Der Kläger begehrt als Insolvenzverwalter einer Fondsgesellschaft wegen Insolvenzanfechtung die Rückzahlung von Ausschüttungen an die Beklagte nach §§ 129, 134, 143 InsO. Die Beklagte wandte gegen die geltend gemachten Ansprüche ein, dass die Insolvenzmasse zur Begleichung sämtlicher zur Insolvenztabelle festgestellten Forderungen ausreiche und damit eine Gläubigerbenachteiligung im Sinne des § 129 InsO nicht vorliege.
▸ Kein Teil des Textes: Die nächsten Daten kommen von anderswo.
lemma weighted_pre_packing_eq_INF_less:
  assumes "\<epsilon> > 0"
  shows "weighted_pre_packing \<Delta> q B = (INF \<delta>\<in>{0<..<\<epsilon>}. weighted_packing_sup \<Delta> q B \<delta>)"
  unfolding weighted_pre_packing_def
proof (rule antisym)
  show "(INF \<delta>\<in>{0<..}. weighted_packing_sup \<Delta> q B \<delta>) \<le> (INF \<delta>\<in>{0<..<\<epsilon>}. weighted_packing_sup \<Delta> q B \<delta>)"
    by (rule INF_superset_mono) auto
  show "(INF \<delta>\<in>{0<..<\<epsilon>}. weighted_packing_sup \<Delta> q B \<delta>) \<le> (INF \<delta>\<in>{0<..}. weighted_packing_sup \<Delta> q B \<delta>)"
  proof (rule INF_greatest)
    fix \<delta> :: real assume "\<delta> \<in> {0<..}"
    then have "min \<delta> (\<epsilon>/2) \<in> {0<..<\<epsilon>}"
      using assms by auto
    then have "(INF \<delta>\<in>{0<..<\<epsilon>}. weighted_packing_sup \<Delta> q B \<delta>) \<le> weighted_packing_sup \<Delta> q B (min \<delta> (\<epsilon>/2))"
      by (rule INF_lower)
    also have "\<dots> \<le> weighted_packing_sup \<Delta> q B \<delta>"
      by (rule weighted_packing_sup_mono) auto
    finally show "(INF \<delta>\<in>{0<..<\<epsilon>}. weighted_packing_sup \<Delta> q B \<delta>) \<le> weighted_packing_sup \<Delta> q B \<delta>" .
  qed
qed

lemma weighted_sum_Un_le:
  assumes "\<pi>1 \<inter> \<pi>2 = {}"
  shows "weighted_sum q \<pi>1 + weighted_sum q \<pi>2 \<le> weighted_sum q (\<pi>1 \<union> \<pi>2)"
  unfolding weighted_sum_def
proof (rule ennreal_SUP_add_SUP_le)
  fix F G assume F: "F \<in> {F. finite F \<and> F \<subseteq> \<pi>1}" and G: "G \<in> {F. finite F \<and> F \<subseteq> \<pi>2}"
  then have "(\<Sum>p\<in>F. q (fst p) (snd p)) + (\<Sum>p\<in>G. q (fst p) (snd p)) = (\<Sum>p\<in>F \<union> G. q (fst p) (snd p))"
    using assms by (subst sum.union_disjoint) auto
  also have "\<dots> \<le> (SUP F\<in>{F. finite F \<and> F \<subseteq> \<pi>1 \<union> \<pi>2}. \<Sum>p\<in>F. q (fst p) (snd p))"
    using F G by (intro SUP_upper) auto
  finally show "(\<Sum>p\<in>F. q (fst p) (snd p)) + (\<Sum>p\<in>G. q (fst p) (snd p))
      \<le> (SUP F\<in>{F. finite F \<and> F \<subseteq> \<pi>1 \<union> \<pi>2}. \<Sum>p\<in>F. q (fst p) (snd p))" .
qed auto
Neben den zur Tabelle festgestellten Forderungen existierten vom Verwalter bestrittene Forderungen in wesentlicher Größenordnung von ca. 24 Mio. Euro. Mit einer Forderungsfeststellung dieser Forderungen war im konkreten Fall aber nicht mehr zu rechnen.
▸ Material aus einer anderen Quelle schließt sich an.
(* Assume $r(\boldsymbol\gamma)\le1<2+\alpha\le R(\boldsymbol\gamma)$. Let $(\mathbf A^\dagger,\mathbf q^\dagger)$ maximize $\Omega$, let $(\mathbf A^\ddagger,\mathbf q^\ddagger)$ maximize $\Pi$ (both over $\mathcal A\times\mathbb R^n_{\ge0}$), and let $(\mathbf A^{\rm d},\mathbf q^{\rm d})$ be an equilibrium with $\mathbf A^{\rm d}\mathbf q^{\rm d}=\boldsymbol\beta$ and $\mathbf q^{\rm d}=\boldsymbol\gamma/(2+\alpha)$. Then $$\bar s_{\boldsymbol\gamma}(\mathbf A^\dagger)=\bar s_{\boldsymbol\gamma}(\mathbf A^\ddagger)=\frac{1-\|\boldsymbol\gamma\|_2^2}{n(n-1)}<\frac{(2+\alpha)^2-\|\boldsymbol\gamma\|_2^2}{n(n-1)}=\bar s_{\boldsymbol\gamma}(\mathbf A^{\rm d}).$$
   Context: Model: integers $n\ge2$, $m\ge2$; $\alpha>0$, $\boldsymbol\beta\in\mathbb R^m$ with $\|\boldsymbol\beta\|_2=1$, $\boldsymbol\gamma\in\mathbb R^n$ with all $\gamma_i>0$. $\mathcal A$ is the set of real $m\times n$ matrices $\mathbf A=[\mathbf a_1,\dots,\mathbf a_n]$ with all $\|\mathbf a_i\|_2=1$. With $\mathbf x=\mathbf A\mathbf q$: $\Omega(\mathbf A,\mathbf q)=\alpha(\mathbf x^\top\boldsymbol\beta-\tfrac12\mathbf x^\top\mathbf x)+\mathbf q^\top\boldsymbol\gamma-\tfrac12\mathbf q^\top\mathbf q$, $\Pi(\mathbf A,\mathbf q)=\alpha(\mathbf x^\top\boldsymbol\beta-\mathbf x^\top\mathbf x)+\mathbf q^\top\boldsymbol\gamma-\mathbf q^\top\mathbf q$. Oligopoly: firm $i$ chooses unit $\mathbf a_i$ and $q_i\ge0$ to maximize $\Pi_i=\alpha q_i\mathbf a_i^\top(\boldsymbol\beta-\sum_{j\ne i}q_j\mathbf a_j)-(1+\alpha)q_i^2+\gamma_iq_i$ given others; an equilibrium is a profile of mutual best responses. $R(\mathbf v)=\|\mathbf v\|_1$, $r(\mathbf v)=2\|\mathbf v\|_\infty-\|\mathbf v\|_1$. Weighted average cosine similarity: $\bar s_{\boldsymbol\gamma}(\mathbf A)=\binom n2^{-1}\sum_{1\le i<j\le n}\gamma_i\gamma_j\mathbf a_i^\top\mathbf a_j$. *)

theory Defs
  imports "HOL-Analysis.Analysis"
begin

text \<open>Vectors in R^m are real^'m, vectors in R^n are real^'n; an m x n matrix
  A = [a_1,...,a_n] is real^'n^'m, with a_i = column i A.\<close>

definition unit_cols :: "real^'n^'m \<Rightarrow> bool" where
  "unit_cols A \<longleftrightarrow> (\<forall>i. norm (column i A) = 1)"

definition nonneg_vec :: "real^'n \<Rightarrow> bool" where
  "nonneg_vec q \<longleftrightarrow> (\<forall>i. q $ i \<ge> 0)"

definition Omega :: "real \<Rightarrow> real^'m \<Rightarrow> real^'n \<Rightarrow> real^'n^'m \<Rightarrow> real^'n \<Rightarrow> real" where
  "Omega \<alpha> \<beta> \<gamma> A q = (let x = A *v q in
     \<alpha> * (x \<bullet> \<beta> - (1/2) * (x \<bullet> x)) + q \<bullet> \<gamma> - (1/2) * (q \<bullet> q))"

definition PiW :: "real \<Rightarrow> real^'m \<Rightarrow> real^'n \<Rightarrow> real^'n^'m \<Rightarrow> real^'n \<Rightarrow> real" where
  "PiW \<alpha> \<beta> \<gamma> A q = (let x = A *v q in
     \<alpha> * (x \<bullet> \<beta> - x \<bullet> x) + q \<bullet> \<gamma> - q \<bullet> q)"

definition firm_profit :: "real \<Rightarrow> real^'m \<Rightarrow> real^'n \<Rightarrow> real^'n^'m \<Rightarrow> real^'n \<Rightarrow> 'n \<Rightarrow> real" where
  "firm_profit \<alpha> \<beta> \<gamma> A q i =
     \<alpha> * q$i * (column i A \<bullet> (\<beta> - (\<Sum>j\<in>UNIV - {i}. q$j *\<^sub>R column j A)))
     - (1 + \<alpha>) * (q$i)^2 + \<gamma>$i * q$i"

definition set_col :: "real^'n^'m \<Rightarrow> 'n \<Rightarrow> real^'m \<Rightarrow> real^'n^'m" where
  "set_col A i a = (\<chi> r k. if k = i then a $ r else A $ r $ k)"

definition set_comp :: "real^'n \<Rightarrow> 'n \<Rightarrow> real \<Rightarrow> real^'n" where
  "set_comp q i t = (\<chi> k. if k = i then t else q $ k)"

definition is_max_Omega where
  "is_max_Omega \<alpha> \<beta> \<gamma> A q \<longleftrightarrow> unit_cols A \<and> nonneg_vec q \<and>
     (\<forall>A' q'. unit_cols A' \<and> nonneg_vec q' \<longrightarrow> Omega \<alpha> \<beta> \<gamma> A' q' \<le> Omega \<alpha> \<beta> \<gamma> A q)"

definition is_max_Pi where
  "is_max_Pi \<alpha> \<beta> \<gamma> A q \<longleftrightarrow> unit_cols A \<and> nonneg_vec q \<and>
     (\<forall>A' q'. unit_cols A' \<and> nonneg_vec q' \<longrightarrow> PiW \<alpha> \<beta> \<gamma> A' q' \<le> PiW \<alpha> \<beta> \<gamma> A q)"

definition is_equilibrium where
  "is_equilibrium \<alpha> \<beta> \<gamma> A q \<longleftrightarrow> unit_cols A \<and> nonneg_vec q \<and>
     (\<forall>i a t. norm a = 1 \<and> t \<ge> 0 \<longrightarrow>
        firm_profit \<alpha> \<beta> \<gamma> (set_col A i a) (set_comp q i t) i \<le> firm_profit \<alpha> \<beta> \<gamma> A q i)"

definition l1norm :: "real^'n \<Rightarrow> real" where
  "l1norm v = (\<Sum>i\<in>UNIV. \<bar>v $ i\<bar>)"

definition linfnorm :: "real^'n \<Rightarrow> real" where
  "linfnorm v = Max (range (\<lambda>i. \<bar>v $ i\<bar>))"

definition R_fun :: "real^'n \<Rightarrow> real" where
  "R_fun v = l1norm v"

definition r_fun :: "real^'n \<Rightarrow> real" where
  "r_fun v = 2 * linfnorm v - l1norm v"

definition avg_cos_sim :: "real^('n::{finite,linorder}) \<Rightarrow> real^('n::{finite,linorder})^'m \<Rightarrow> real" where
  "avg_cos_sim \<gamma> A = (\<Sum>(i,j)\<in>{(i,j). i < j}. \<gamma>$i * \<gamma>$j * (column i A \<bullet> column j A))
                        / real (CARD('n) choose 2)"

end

theory Submission
  imports Defs
begin

text \<open>By completing the square, \<open>\<Omega>(A, q) \<le> \<alpha>/2 + \<parallel>\<gamma>\<parallel>\<^sup>2/2\<close> with equality iff
  \<open>A q = \<beta>\<close> and \<open>q = \<gamma>\<close>, and \<open>\<Pi>\<close> attains its bound iff \<open>A q = \<beta>/2\<close> and \<open>q = \<gamma>/2\<close>;
  so both welfare maximizers satisfy \<open>A \<gamma> = \<beta>\<close>, provided some \<open>A\<close> with unit columns does.
  Such an \<open>A\<close> exists because \<open>r(\<gamma>) \<le> 1 \<le> R(\<gamma>)\<close> says that no side of the would-be
  polygon with sides \<open>\<gamma>\<^sub>1, \<dots>, \<gamma>\<^sub>n, 1\<close> is longer than the sum of the others, so the polygon
  closes in the plane, which embeds isometrically into the plane spanned by \<open>\<beta>\<close> and a unit
  vector orthogonal to it. Finally, for unit columns
  \<open>\<parallel>A \<gamma>\<parallel>\<^sup>2 = \<parallel>\<gamma>\<parallel>\<^sup>2 + 2 \<Sum>\<^sub>i\<^sub><\<^sub>j \<gamma>\<^sub>i \<gamma>\<^sub>j a\<^sub>i \<bullet> a\<^sub>j\<close>, so the weighted average cosine similarity
  is determined by \<open>\<parallel>A \<gamma>\<parallel>\<close>, which is \<open>1\<close> at both optima and \<open>2 + \<alpha>\<close> at the equilibrium.\<close>

lemma exists_unit_complex_norm_add_eq:
  fixes s c \<rho> :: real
  assumes "0 \<le> s" "0 < c" "\<bar>s - c\<bar> \<le> \<rho>" "\<rho> \<le> s + c"
  obtains w where "cmod w = 1" "cmod (of_real s + of_real c * w) = \<rho>"
proof (cases "s = 0")
  case True
  with assms have "\<rho> = c" by auto
  with True assms show ?thesis by (intro that[of 1]) auto
next
  case False
  with assms have sc: "2 * s * c > 0" by simp
  have "0 \<le> \<rho>" using assms(3) by linarith
  define cs where "cs = (\<rho>\<^sup>2 - s\<^sup>2 - c\<^sup>2) / (2 * s * c)"
  have "\<rho>\<^sup>2 \<le> (s + c)\<^sup>2" using power_mono[OF assms(4) \<open>0 \<le> \<rho>\<close>] .
  moreover have "\<bar>s - c\<bar>\<^sup>2 \<le> \<rho>\<^sup>2" using power_mono[OF assms(3) abs_ge_zero] .
  ultimately have "\<bar>\<rho>\<^sup>2 - s\<^sup>2 - c\<^sup>2\<bar> \<le> 2 * s * c"
    unfolding power2_sum power2_abs power2_diff by linarith
  then have "cs\<^sup>2 \<le> 1"
    using sc by (simp add: cs_def abs_square_le_1 abs_divide divide_le_eq)
  define w where "w = Complex cs (sqrt (1 - cs\<^sup>2))"
  \<comment> \<open>law of cosines: \<open>cs\<close> is the cosine of the angle between the sides \<open>s\<close> and \<open>c w\<close>\<close>
  have "(cmod (of_real s + of_real c * w))\<^sup>2 = (s + c * cs)\<^sup>2 + (c * sqrt (1 - cs\<^sup>2))\<^sup>2"
    by (simp add: w_def cmod_def complex_of_real_def)
  also have "\<dots> = s\<^sup>2 + c\<^sup>2 + 2 * s * c * cs"
    using \<open>cs\<^sup>2 \<le> 1\<close> by (simp add: power2_eq_square algebra_simps)
  also have "\<dots> = \<rho>\<^sup>2"
    using False assms(2) unfolding cs_def by (simp add: field_simps)
  finally have "cmod (of_real s + of_real c * w) = \<rho>"
    using \<open>0 \<le> \<rho>\<close> by (simp add: power2_eq_iff_nonneg)
  moreover have "cmod w = 1"
    using \<open>cs\<^sup>2 \<le> 1\<close> by (simp add: w_def cmod_def)
  ultimately show ?thesis using that by blast
qed

lemma exists_unit_complex_weighted_sum_eq:
  fixes g :: "'a \<Rightarrow> real"
  assumes "finite I" "I \<noteq> {}" "\<forall>i\<in>I. g i > 0" "0 \<le> \<rho>" "\<rho> \<le> sum g I"
    and "\<forall>i\<in>I. 2 * g i - sum g I \<le> \<rho>"
  shows "\<exists>z. (\<forall>i\<in>I. cmod (z i) = 1) \<and> (\<Sum>i\<in>I. of_real (g i) * z i) = of_real \<rho>"
  using assms
proof (induction I arbitrary: \<rho> rule: finite_ne_induct)
  case (singleton x)
  then show ?case by (intro exI[of _ "\<lambda>_. 1"]) auto
next
  case (insert x F)
  define c where "c = g x"
  define S where "S = sum g F"
  have sum_insert: "sum g (insert x F) = c + S"
    using insert.hyps by (simp add: c_def S_def)
  have "c > 0" using insert.prems by (simp add: c_def)
  have "Max (g ` F) \<in> g ` F"
    using insert.hyps by simp
  then obtain i0 where "i0 \<in> F" and "g i0 = Max (g ` F)"
    by (metis imageE)
  then have i0_max: "\<forall>i\<in>F. g i \<le> g i0"
    using insert.hyps by simp
  have "g i0 \<le> S"
    unfolding S_def using insert \<open>i0 \<in> F\<close> by (intro member_le_sum) auto
  \<comment> \<open>the diagonal of the polygon that separates the side \<open>c\<close> from the sides indexed by \<open>F\<close>\<close>
  define \<sigma> where "\<sigma> = max \<bar>\<rho> - c\<bar> (2 * g i0 - S)"
  have side_x: "c - S \<le> \<rho>" and side_i0: "2 * g i0 - S - c \<le> \<rho>" and "\<rho> \<le> c + S"
    using insert.prems(3,4) \<open>i0 \<in> F\<close> by (auto simp: sum_insert c_def)
  have "0 \<le> \<sigma>" "\<sigma> \<le> S" "\<rho> \<le> \<sigma> + c" "\<bar>\<sigma> - c\<bar> \<le> \<rho>"
    using side_x side_i0 \<open>\<rho> \<le> c + S\<close> \<open>g i0 \<le> S\<close> \<open>c > 0\<close> \<open>0 \<le> \<rho>\<close>
    unfolding \<sigma>_def by (auto simp: abs_le_iff)
  moreover have "\<forall>i\<in>F. 2 * g i - S \<le> \<sigma>"
    using i0_max unfolding \<sigma>_def by force
  ultimately obtain z where z: "\<forall>i\<in>F. cmod (z i) = 1" "(\<Sum>i\<in>F. of_real (g i) * z i) = of_real \<sigma>"
    using insert.IH[of \<sigma>] insert.prems(1) by (auto simp: S_def)
  obtain w where w: "cmod w = 1" "cmod (of_real \<sigma> + of_real c * w) = \<rho>"
    using exists_unit_complex_norm_add_eq[of \<sigma> c \<rho>] \<open>0 \<le> \<sigma>\<close> \<open>c > 0\<close> \<open>\<bar>\<sigma> - c\<bar> \<le> \<rho>\<close> \<open>\<rho> \<le> \<sigma> + c\<close>
    by auto
  define T where "T = of_real \<sigma> + of_real c * w"
  \<comment> \<open>rotate the polygon so that its closing side becomes real\<close>
  define u where "u = (if T = 0 then 1 else of_real \<rho> / T)"
  have "cmod u = 1" "u * T = of_real \<rho>"
    using w by (auto simp: u_def T_def norm_divide)
  have "(\<Sum>i\<in>insert x F. of_real (g i) * (z(x := w)) i) = of_real c * w + (\<Sum>i\<in>F. of_real (g i) * z i)"
    using insert.hyps by (simp add: c_def) (intro sum.cong, auto)
  also have "\<dots> = T" using z by (simp add: T_def)
  finally have "(\<Sum>i\<in>insert x F. of_real (g i) * (u * (z(x := w)) i)) = of_real \<rho>"
    using \<open>u * T = of_real \<rho>\<close> by (simp add: sum_distrib_left[symmetric] mult.left_commute)
  moreover have "\<forall>i\<in>insert x F. cmod (u * (z(x := w)) i) = 1"
    using z w \<open>cmod u = 1\<close> by (auto simp: norm_mult)
  ultimately show ?case by (intro exI[of _ "\<lambda>i. u * (z(x := w)) i"]) simp
qed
Die gegen die klageabwesende Berufung eingelegte Nichtzulassungsbeschwerde hatte keinen Erfolg.

Kurzdarstellung der Entscheidungsgründe:

Eine Gläubigerbenachteiligung liegt dann nicht vor, wenn die Masse ohne die Anfechtung ausreicht, um alle Gläubiger zu befriedigen. Dies erfordert grundsätzlich auch die Deckung solcher Forderungen aus der Masse, gegen die ein Widerspruch erhoben worden ist, weil jener durch eine Feststellungsklage (§ 179 InsO) beseitigt werden kann. Insoweit genügt die Möglichkeit, dass dies zukünftig eintreten wird.

In die Prüfung, ob die Masse auch ohne Rückgewähr der anfechtbar weggegebenen Mittel zur Befriedigung aller Gläubiger ausreicht, sind solche Forderungen einzubeziehen, denen der Insolvenzverwalter widersprochen hat (vgl. BGHZ 105, 168 [187 f.] = NJW 1988, 3143; BGHZ 200, 210 = NZI 2014, 321 Rn. 19 f.).

Dabei besteht zugunsten des Insolvenzverwalters ein Anscheinsbeweis, dass in dem eröffneten Verfahren die Insolvenzmasse nicht ausreicht, um alle Gläubigeransprüche zu befriedigen (BGH NZI 2014, 321 Rn. 20 mwN).

Dieser Anscheinsbeweis kann aber durch den Anfechtungsgegner entkräftet bzw. erschüttert werden. Hierzu muss der Anfechtungsgegner aufzeigen, dass das Vermögen des Schuldners heute noch ausreicht, um alle zu berücksichtigenden Gläubigerforderungen zu tilgen (BGH NZI 2014, 321 Rn. 20). Einzubeziehen sind alle Forderungen, denen der Insolvenzverwalter widersprochen hat, weil nach der Lebenserfahrung die Möglichkeit besteht, dass jener Widerspruch durch eine Feststellungsklage (§ 179 InsO) beseitigt werden kann (vgl. BGH NZI 2014, 321 Rn. 20 mwN). Ausreichend kann in Ausnahmefällen sein, dass der Anfechtungsgegner eine ernsthafte Möglichkeit eines atypischen Verlaufs im Hinblick auf die zu berücksichtigenden Insolvenzforderungen aufzeigt. Also nach der Lebenserfahrung eine Sondersituation vorliegt, wonach nicht mehr damit zu rechnen ist, dass ein Widerspruch gegen eine Forderungsanmeldung durch eine Feststellungsklage beseitigt werden wird, und die Insolvenzmasse ohne die Berücksichtigung dieser Forderungen ausreicht, um alle übrigen Gläubigeransprüche zu befriedigen.

Für die Praxis zeigt die Entscheidung auf, dass aufgrund der für den Insolvenzverwalter günstigen Beweislastverteilung eine erfolgversprechende Verteidigungsstrategie sorgsam und „über den Tellerrand“ hinaus geprüft werden muss. Neben der Betrachtung der aktuellen Tabellensituation sind daher auch sonstige Begleitumstände zu den bestrittenen Forderungen einzubeziehen. Allerdings werden dem Anfechtungsgegner nur in Ausnahmefällen die Begleitumstände zu diesen Forderungen vollumfänglich bekannt sein.